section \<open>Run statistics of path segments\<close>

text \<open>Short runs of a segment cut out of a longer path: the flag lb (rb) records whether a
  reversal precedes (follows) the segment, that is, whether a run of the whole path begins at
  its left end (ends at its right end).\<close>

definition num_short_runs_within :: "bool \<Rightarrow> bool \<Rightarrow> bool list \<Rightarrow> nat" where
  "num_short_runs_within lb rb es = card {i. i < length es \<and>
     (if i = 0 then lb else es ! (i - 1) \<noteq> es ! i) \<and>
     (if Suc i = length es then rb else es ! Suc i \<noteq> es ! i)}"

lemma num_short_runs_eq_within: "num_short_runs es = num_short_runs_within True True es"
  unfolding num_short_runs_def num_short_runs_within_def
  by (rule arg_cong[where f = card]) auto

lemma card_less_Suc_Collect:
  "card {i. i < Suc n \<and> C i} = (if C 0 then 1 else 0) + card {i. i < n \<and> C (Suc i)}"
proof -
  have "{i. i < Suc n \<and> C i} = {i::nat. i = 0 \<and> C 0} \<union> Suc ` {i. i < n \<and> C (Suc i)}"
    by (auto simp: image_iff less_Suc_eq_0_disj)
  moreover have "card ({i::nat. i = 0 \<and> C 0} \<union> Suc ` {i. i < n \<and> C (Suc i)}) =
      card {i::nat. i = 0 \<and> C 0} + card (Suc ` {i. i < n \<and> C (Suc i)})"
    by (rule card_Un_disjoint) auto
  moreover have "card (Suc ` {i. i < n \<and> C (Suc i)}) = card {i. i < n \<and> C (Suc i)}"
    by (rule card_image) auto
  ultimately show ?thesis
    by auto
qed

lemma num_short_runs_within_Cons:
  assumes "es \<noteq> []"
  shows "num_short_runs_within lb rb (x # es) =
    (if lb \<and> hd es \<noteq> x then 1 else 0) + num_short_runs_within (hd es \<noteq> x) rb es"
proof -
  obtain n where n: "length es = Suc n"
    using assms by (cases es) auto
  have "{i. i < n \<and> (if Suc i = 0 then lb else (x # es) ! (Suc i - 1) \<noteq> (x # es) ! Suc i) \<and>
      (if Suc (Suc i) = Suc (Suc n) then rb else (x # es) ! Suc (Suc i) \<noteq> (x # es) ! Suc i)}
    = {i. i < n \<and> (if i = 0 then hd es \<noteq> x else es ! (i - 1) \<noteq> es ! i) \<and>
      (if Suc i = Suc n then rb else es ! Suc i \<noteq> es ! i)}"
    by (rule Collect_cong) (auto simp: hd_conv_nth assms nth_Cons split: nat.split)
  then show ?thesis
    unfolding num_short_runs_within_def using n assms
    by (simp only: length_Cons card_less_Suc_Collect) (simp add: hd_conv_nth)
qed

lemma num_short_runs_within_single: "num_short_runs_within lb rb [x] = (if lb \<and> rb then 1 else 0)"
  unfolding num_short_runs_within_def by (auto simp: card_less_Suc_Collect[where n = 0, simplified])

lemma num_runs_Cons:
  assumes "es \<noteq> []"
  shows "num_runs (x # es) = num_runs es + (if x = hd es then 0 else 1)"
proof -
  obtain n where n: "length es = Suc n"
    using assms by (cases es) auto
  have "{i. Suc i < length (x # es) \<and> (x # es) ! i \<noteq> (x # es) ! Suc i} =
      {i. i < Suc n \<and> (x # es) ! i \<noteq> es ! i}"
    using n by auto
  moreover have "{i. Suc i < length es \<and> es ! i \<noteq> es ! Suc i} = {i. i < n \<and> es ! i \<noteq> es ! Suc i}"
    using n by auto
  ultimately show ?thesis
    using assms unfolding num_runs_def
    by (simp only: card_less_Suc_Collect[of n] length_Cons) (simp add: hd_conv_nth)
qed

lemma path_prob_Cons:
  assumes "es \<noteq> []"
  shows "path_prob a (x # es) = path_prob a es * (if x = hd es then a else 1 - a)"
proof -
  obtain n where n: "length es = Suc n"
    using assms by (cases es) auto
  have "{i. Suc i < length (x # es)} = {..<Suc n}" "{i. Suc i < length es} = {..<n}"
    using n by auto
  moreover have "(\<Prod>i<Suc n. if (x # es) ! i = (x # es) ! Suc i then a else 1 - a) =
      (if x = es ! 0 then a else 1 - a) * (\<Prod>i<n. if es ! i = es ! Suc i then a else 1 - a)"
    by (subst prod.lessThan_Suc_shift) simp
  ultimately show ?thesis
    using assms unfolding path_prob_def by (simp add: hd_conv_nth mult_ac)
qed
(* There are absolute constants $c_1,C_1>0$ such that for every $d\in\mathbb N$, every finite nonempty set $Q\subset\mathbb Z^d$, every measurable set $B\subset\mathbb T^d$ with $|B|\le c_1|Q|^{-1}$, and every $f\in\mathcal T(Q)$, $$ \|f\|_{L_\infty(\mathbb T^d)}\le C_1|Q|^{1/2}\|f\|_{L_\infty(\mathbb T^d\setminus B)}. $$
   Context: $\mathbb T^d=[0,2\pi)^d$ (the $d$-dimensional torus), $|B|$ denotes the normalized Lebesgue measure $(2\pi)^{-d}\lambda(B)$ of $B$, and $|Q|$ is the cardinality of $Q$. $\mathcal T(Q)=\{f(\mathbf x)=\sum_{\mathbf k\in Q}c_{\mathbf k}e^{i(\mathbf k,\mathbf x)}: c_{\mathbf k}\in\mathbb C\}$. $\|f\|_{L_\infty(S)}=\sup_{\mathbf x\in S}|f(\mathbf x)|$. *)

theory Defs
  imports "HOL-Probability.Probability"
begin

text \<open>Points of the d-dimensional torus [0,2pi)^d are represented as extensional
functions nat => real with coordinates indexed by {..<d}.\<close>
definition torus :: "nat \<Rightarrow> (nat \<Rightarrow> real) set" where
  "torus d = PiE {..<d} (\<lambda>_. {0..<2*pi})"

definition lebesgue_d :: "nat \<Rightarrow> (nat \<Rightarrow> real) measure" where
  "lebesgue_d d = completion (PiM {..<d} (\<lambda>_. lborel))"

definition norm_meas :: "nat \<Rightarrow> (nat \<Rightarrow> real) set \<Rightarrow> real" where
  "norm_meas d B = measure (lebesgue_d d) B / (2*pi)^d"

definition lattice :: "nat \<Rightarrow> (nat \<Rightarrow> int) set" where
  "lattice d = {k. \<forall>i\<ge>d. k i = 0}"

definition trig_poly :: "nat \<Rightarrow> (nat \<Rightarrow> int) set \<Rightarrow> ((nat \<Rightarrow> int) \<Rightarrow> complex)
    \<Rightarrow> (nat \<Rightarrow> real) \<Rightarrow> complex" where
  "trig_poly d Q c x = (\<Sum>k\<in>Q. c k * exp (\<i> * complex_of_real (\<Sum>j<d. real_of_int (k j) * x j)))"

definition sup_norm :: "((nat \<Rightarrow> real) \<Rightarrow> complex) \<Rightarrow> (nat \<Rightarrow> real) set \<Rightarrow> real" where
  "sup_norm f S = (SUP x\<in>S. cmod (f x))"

--------------------------------

Description of the task
Of all the entries above, repeat only the lines from the line that has "unfolding num_short_runs_def num_short_runs_within_def" to the line that has "by (rule card_image) auto", both lines included, exactly.

Result of the exercise
  unfolding num_short_runs_def num_short_runs_within_def
  by (rule arg_cong[where f = card]) auto

lemma card_less_Suc_Collect:
  "card {i. i < Suc n \<and> C i} = (if C 0 then 1 else 0) + card {i. i < n \<and> C (Suc i)}"
proof -
  have "{i. i < Suc n \<and> C i} = {i::nat. i = 0 \<and> C 0} \<union> Suc ` {i. i < n \<and> C (Suc i)}"
    by (auto simp: image_iff less_Suc_eq_0_disj)
  moreover have "card ({i::nat. i = 0 \<and> C 0} \<union> Suc ` {i. i < n \<and> C (Suc i)}) =
      card {i::nat. i = 0 \<and> C 0} + card (Suc ` {i. i < n \<and> C (Suc i)})"
    by (rule card_Un_disjoint) auto
  moreover have "card (Suc ` {i. i < n \<and> C (Suc i)}) = card {i. i < n \<and> C (Suc i)}"
    by (rule card_image) auto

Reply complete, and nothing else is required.